INFORMATION PROVIDED:
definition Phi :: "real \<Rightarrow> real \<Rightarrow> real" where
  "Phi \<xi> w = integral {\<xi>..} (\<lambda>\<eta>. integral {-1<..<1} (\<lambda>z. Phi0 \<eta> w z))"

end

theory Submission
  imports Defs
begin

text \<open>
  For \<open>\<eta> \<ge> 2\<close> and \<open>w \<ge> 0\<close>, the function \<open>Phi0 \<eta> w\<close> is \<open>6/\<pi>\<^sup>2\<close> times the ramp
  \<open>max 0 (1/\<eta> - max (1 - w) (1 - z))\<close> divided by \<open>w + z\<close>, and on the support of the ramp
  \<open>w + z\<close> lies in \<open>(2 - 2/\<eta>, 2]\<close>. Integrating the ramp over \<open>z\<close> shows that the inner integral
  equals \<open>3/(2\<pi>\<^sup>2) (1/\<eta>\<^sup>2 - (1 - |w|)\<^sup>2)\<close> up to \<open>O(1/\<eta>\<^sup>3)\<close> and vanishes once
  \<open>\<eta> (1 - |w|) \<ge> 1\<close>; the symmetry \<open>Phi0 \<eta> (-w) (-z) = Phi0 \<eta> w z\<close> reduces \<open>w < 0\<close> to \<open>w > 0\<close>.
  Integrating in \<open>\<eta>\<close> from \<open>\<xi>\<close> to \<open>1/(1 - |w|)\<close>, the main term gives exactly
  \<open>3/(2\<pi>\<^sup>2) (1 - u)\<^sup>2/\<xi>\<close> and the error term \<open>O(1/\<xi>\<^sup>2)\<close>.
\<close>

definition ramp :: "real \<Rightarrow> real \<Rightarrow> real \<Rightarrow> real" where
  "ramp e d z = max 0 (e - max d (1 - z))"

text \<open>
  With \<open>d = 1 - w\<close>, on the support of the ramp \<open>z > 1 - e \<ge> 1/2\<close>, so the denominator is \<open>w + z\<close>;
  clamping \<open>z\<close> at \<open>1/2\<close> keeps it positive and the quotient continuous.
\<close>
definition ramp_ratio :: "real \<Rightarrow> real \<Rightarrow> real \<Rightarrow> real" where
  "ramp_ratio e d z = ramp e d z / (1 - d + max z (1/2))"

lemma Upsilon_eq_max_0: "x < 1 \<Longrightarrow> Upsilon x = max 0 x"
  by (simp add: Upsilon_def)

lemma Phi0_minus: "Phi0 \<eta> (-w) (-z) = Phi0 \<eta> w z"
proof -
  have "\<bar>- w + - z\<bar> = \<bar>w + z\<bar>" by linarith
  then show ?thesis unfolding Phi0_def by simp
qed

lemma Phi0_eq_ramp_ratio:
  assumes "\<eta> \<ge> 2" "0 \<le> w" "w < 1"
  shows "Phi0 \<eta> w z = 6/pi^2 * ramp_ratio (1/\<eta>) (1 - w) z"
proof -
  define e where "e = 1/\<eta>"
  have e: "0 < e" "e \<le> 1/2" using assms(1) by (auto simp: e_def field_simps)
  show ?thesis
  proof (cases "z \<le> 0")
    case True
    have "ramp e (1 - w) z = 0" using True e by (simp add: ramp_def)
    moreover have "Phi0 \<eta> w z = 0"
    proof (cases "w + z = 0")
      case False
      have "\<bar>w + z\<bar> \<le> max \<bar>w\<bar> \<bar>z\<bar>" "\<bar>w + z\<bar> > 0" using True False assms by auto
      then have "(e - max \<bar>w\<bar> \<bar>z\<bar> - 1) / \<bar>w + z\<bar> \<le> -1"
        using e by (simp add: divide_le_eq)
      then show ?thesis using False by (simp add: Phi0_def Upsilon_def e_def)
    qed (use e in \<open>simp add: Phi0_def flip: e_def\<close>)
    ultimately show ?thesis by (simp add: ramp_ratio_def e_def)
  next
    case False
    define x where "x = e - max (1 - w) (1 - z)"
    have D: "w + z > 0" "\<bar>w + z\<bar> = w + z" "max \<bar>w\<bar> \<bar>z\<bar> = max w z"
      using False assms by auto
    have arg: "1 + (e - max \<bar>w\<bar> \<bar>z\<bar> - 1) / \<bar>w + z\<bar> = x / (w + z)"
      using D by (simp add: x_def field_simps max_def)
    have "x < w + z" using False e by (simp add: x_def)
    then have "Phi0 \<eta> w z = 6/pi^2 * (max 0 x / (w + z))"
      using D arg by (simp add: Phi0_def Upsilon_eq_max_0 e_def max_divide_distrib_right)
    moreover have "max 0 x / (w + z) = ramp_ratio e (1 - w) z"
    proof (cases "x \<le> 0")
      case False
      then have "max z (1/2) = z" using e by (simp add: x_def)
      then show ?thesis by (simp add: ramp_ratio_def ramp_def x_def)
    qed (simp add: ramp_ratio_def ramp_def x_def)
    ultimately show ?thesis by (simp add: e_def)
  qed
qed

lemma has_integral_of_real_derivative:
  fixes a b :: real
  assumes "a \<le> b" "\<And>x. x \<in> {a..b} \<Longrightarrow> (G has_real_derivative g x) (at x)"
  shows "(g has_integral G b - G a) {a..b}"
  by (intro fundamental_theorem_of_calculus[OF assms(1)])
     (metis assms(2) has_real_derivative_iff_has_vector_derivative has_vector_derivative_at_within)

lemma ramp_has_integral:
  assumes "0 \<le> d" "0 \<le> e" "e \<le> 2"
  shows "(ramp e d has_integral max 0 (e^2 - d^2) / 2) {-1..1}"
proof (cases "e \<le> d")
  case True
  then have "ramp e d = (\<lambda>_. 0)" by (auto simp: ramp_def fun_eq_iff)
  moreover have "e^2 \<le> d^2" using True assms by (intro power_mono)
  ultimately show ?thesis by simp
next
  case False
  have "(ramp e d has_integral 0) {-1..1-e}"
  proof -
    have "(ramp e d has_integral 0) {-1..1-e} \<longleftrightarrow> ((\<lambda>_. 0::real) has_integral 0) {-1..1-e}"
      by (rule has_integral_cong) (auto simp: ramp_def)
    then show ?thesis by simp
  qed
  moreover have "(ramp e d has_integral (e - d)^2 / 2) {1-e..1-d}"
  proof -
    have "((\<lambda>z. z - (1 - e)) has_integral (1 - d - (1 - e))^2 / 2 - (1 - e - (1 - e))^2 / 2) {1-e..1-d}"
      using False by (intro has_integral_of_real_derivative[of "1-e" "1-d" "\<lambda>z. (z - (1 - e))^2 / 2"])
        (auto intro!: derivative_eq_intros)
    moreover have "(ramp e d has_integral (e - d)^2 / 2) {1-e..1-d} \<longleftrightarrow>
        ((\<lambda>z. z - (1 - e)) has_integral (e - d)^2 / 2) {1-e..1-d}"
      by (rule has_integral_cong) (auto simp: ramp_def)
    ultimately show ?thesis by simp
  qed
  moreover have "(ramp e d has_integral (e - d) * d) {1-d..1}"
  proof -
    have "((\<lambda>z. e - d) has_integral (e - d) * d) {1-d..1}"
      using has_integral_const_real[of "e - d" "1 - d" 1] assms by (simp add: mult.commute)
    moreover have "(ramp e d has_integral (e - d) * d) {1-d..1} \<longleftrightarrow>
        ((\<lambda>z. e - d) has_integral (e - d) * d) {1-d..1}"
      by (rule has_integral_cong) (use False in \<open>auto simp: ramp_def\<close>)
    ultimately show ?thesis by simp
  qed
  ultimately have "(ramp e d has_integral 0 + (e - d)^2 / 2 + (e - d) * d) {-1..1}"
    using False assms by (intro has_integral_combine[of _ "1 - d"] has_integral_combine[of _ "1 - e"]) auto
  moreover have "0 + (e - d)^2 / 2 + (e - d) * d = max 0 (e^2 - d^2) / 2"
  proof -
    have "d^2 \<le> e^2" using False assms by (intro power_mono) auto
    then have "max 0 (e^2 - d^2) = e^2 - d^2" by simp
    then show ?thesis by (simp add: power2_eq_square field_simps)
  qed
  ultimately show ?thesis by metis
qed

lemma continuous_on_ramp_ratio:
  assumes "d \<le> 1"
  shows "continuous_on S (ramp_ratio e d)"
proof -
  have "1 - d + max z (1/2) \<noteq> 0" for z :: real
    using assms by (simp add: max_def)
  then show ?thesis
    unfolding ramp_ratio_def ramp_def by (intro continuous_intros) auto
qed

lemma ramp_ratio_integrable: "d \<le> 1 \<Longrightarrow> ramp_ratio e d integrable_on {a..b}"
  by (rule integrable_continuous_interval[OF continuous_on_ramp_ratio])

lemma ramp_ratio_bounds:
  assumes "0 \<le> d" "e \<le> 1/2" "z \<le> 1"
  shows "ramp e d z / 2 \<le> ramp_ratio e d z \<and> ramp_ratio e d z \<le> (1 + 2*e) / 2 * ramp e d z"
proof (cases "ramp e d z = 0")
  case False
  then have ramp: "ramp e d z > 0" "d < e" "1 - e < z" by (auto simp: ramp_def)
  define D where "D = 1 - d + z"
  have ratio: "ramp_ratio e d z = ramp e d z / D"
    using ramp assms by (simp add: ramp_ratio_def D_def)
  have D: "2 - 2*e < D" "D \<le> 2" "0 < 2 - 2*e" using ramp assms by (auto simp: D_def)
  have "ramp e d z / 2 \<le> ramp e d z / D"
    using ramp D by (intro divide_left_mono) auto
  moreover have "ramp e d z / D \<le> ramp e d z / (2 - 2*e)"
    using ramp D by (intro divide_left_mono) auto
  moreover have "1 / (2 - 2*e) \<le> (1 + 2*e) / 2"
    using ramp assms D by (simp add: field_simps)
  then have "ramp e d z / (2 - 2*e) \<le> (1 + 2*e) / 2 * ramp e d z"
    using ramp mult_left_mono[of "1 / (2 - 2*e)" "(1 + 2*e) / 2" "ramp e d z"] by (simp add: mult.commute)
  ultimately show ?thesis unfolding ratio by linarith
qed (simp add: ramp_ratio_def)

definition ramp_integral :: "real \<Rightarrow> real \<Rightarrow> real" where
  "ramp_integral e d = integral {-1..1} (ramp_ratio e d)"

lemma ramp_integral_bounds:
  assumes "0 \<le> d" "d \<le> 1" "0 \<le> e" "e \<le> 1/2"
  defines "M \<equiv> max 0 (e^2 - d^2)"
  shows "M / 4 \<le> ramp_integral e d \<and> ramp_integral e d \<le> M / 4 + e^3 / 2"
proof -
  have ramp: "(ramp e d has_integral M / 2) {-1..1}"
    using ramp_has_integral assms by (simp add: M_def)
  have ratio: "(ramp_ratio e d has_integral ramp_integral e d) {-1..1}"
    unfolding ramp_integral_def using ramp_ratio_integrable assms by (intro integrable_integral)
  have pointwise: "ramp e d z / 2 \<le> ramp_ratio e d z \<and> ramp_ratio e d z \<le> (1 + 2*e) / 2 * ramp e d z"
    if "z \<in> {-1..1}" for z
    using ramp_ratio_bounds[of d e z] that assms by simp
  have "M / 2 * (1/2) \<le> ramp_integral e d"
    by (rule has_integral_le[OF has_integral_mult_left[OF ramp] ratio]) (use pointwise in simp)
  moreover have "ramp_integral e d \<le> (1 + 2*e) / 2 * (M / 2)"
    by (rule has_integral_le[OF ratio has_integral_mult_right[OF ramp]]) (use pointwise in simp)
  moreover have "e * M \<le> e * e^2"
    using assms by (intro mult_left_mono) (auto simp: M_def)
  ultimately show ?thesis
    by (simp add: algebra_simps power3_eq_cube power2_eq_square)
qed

--

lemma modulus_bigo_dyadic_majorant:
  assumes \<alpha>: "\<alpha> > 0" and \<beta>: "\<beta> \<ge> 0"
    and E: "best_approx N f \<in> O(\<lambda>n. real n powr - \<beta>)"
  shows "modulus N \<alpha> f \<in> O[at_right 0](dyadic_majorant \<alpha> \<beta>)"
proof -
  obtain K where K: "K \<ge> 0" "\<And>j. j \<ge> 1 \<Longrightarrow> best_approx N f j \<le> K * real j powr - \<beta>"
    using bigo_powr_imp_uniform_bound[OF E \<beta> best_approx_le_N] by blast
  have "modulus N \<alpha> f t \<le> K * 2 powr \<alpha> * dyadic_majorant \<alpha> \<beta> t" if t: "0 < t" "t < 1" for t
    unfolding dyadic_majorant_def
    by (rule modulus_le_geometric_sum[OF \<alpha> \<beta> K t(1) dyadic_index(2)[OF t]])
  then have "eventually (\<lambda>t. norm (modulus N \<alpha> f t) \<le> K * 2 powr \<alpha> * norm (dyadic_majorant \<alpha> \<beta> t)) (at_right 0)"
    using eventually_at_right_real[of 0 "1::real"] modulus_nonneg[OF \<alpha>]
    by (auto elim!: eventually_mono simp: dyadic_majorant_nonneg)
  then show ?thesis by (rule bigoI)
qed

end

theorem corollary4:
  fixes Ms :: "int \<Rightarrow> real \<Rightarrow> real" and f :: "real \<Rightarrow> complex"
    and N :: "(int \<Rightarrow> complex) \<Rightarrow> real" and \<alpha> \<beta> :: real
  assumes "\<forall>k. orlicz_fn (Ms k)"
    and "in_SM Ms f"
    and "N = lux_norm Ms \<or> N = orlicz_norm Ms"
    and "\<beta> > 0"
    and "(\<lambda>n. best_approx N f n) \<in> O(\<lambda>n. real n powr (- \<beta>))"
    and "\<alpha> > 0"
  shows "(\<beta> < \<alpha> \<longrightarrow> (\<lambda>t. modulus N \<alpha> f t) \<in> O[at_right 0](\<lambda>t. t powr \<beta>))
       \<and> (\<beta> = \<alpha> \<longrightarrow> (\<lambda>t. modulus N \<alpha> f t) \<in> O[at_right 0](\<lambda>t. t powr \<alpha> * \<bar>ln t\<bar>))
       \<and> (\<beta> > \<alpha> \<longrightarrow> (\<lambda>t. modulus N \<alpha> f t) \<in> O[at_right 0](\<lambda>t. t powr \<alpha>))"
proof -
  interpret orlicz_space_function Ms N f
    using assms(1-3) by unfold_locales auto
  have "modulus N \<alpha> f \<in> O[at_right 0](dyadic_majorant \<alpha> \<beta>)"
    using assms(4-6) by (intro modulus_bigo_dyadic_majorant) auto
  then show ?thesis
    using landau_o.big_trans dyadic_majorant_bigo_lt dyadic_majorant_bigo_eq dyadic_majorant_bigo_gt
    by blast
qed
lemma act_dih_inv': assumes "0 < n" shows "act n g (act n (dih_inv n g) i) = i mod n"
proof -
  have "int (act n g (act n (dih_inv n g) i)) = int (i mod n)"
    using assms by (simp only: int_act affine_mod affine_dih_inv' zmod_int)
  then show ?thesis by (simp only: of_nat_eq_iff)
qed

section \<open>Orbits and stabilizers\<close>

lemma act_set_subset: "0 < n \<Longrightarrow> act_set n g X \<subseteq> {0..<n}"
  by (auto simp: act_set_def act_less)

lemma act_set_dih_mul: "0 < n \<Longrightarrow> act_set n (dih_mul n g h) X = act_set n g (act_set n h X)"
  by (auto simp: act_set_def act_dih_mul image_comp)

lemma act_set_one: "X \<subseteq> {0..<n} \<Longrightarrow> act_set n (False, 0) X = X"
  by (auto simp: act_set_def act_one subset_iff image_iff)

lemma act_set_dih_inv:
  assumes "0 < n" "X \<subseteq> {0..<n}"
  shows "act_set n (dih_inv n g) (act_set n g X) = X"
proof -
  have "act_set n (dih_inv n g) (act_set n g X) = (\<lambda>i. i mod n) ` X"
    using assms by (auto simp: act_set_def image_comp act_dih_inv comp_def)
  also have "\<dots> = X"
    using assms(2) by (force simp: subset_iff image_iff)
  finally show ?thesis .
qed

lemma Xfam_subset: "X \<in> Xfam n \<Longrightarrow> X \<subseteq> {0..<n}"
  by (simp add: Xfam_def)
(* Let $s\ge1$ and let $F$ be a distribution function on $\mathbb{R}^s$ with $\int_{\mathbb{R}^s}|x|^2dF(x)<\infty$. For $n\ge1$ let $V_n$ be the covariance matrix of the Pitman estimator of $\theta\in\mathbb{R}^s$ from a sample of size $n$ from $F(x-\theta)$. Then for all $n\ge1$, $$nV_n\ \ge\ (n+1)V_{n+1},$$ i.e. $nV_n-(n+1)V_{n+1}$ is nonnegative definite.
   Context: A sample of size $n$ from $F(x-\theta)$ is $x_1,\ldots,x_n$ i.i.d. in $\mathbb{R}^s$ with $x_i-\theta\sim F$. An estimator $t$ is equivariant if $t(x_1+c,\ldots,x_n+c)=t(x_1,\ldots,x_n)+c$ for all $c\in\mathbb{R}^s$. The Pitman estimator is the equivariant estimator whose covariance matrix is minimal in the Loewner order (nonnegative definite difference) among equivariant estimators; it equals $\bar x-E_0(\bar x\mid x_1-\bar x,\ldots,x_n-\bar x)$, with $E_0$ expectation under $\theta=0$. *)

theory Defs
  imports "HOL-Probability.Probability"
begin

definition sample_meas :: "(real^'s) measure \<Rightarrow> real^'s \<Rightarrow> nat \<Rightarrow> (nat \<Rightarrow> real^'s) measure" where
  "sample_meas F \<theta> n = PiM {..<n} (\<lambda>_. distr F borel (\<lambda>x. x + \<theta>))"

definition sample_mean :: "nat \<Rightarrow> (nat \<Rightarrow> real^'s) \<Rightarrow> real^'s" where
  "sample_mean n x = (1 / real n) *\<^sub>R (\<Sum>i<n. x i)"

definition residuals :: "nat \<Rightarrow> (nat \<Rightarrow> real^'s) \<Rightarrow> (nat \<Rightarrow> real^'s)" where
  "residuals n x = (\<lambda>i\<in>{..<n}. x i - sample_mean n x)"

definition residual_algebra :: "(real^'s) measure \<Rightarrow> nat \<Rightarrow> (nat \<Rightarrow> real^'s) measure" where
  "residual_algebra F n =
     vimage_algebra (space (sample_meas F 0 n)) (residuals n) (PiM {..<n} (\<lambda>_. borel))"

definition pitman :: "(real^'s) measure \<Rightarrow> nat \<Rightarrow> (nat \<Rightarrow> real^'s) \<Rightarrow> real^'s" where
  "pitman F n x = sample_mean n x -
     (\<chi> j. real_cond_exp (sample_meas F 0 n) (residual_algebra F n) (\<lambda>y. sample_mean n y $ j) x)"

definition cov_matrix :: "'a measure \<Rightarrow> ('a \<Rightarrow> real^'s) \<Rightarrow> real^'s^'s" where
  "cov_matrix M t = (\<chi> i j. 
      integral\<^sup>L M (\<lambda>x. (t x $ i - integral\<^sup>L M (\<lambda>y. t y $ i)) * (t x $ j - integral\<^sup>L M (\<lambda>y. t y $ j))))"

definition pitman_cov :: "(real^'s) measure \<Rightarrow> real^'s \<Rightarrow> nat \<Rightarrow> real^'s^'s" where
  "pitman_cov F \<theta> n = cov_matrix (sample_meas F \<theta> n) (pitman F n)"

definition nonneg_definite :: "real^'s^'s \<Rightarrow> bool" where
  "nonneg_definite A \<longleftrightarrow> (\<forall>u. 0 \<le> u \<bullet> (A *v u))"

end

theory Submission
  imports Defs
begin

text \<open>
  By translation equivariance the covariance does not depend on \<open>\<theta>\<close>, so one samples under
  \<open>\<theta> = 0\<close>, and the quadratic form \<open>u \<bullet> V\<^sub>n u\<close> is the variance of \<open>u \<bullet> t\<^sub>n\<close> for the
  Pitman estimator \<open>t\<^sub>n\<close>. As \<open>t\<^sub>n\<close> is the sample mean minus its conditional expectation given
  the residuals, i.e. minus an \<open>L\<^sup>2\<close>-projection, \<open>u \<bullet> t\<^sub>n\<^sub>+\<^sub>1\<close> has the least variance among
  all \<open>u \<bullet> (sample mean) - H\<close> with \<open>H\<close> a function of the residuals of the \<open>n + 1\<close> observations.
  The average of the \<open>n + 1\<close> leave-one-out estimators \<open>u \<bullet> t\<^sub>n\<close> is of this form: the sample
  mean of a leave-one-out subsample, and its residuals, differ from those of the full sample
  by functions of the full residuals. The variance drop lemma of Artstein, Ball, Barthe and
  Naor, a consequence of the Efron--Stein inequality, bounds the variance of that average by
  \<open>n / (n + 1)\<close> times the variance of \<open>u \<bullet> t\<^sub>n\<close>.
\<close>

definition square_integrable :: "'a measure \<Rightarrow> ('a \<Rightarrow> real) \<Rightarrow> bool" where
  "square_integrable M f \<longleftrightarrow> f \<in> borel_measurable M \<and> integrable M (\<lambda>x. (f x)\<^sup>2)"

---

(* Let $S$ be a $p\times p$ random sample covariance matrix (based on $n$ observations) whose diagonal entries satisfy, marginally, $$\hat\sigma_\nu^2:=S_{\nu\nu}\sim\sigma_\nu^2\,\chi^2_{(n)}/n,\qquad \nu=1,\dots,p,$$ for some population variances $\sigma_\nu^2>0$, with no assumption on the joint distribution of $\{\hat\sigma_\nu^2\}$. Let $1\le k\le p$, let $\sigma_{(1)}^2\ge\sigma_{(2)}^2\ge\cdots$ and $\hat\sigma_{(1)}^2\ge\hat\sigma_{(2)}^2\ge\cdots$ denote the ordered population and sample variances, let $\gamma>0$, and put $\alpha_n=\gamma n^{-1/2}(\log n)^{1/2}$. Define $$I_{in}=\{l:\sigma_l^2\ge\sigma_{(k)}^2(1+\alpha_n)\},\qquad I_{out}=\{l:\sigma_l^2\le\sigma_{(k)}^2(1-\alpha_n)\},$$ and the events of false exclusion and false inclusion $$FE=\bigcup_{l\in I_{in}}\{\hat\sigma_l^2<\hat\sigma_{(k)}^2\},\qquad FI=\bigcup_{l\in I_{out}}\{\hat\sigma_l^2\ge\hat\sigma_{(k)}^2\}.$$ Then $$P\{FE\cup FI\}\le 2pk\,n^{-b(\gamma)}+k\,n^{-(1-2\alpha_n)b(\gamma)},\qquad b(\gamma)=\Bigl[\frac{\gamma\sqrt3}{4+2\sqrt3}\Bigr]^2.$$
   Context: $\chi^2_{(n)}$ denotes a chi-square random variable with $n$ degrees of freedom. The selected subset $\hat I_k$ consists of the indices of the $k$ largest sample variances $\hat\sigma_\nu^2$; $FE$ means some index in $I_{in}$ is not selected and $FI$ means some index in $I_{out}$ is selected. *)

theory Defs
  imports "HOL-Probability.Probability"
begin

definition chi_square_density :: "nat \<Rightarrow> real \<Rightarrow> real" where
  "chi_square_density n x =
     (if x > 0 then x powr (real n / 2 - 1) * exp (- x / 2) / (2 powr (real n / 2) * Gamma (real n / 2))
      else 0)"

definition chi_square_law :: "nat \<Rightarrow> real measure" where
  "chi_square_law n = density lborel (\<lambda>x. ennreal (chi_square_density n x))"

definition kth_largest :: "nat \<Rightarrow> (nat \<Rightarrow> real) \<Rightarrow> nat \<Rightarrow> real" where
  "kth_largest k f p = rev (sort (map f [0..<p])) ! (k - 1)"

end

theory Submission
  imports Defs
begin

TASK DESCRIPTION:
Among the records above, only the lines between the line holding "n = cov_matrix" and the line holding "M f \<longleftrightarrow>", inclusive, are to be output, exactly as written.

TASK RESULT:
  "pitman_cov F \<theta> n = cov_matrix (sample_meas F \<theta> n) (pitman F n)"

definition nonneg_definite :: "real^'s^'s \<Rightarrow> bool" where
  "nonneg_definite A \<longleftrightarrow> (\<forall>u. 0 \<le> u \<bullet> (A *v u))"

end

theory Submission
  imports Defs
begin

text \<open>
  By translation equivariance the covariance does not depend on \<open>\<theta>\<close>, so one samples under
  \<open>\<theta> = 0\<close>, and the quadratic form \<open>u \<bullet> V\<^sub>n u\<close> is the variance of \<open>u \<bullet> t\<^sub>n\<close> for the
  Pitman estimator \<open>t\<^sub>n\<close>. As \<open>t\<^sub>n\<close> is the sample mean minus its conditional expectation given
  the residuals, i.e. minus an \<open>L\<^sup>2\<close>-projection, \<open>u \<bullet> t\<^sub>n\<^sub>+\<^sub>1\<close> has the least variance among
  all \<open>u \<bullet> (sample mean) - H\<close> with \<open>H\<close> a function of the residuals of the \<open>n + 1\<close> observations.
  The average of the \<open>n + 1\<close> leave-one-out estimators \<open>u \<bullet> t\<^sub>n\<close> is of this form: the sample
  mean of a leave-one-out subsample, and its residuals, differ from those of the full sample
  by functions of the full residuals. The variance drop lemma of Artstein, Ball, Barthe and
  Naor, a consequence of the Efron--Stein inequality, bounds the variance of that average by
  \<open>n / (n + 1)\<close> times the variance of \<open>u \<bullet> t\<^sub>n\<close>.
\<close>

definition square_integrable :: "'a measure \<Rightarrow> ('a \<Rightarrow> real) \<Rightarrow> bool" where
  "square_integrable M f \<longleftrightarrow> f \<in> borel_measurable M \<and> integrable M (\<lambda>x. (f x)\<^sup>2)"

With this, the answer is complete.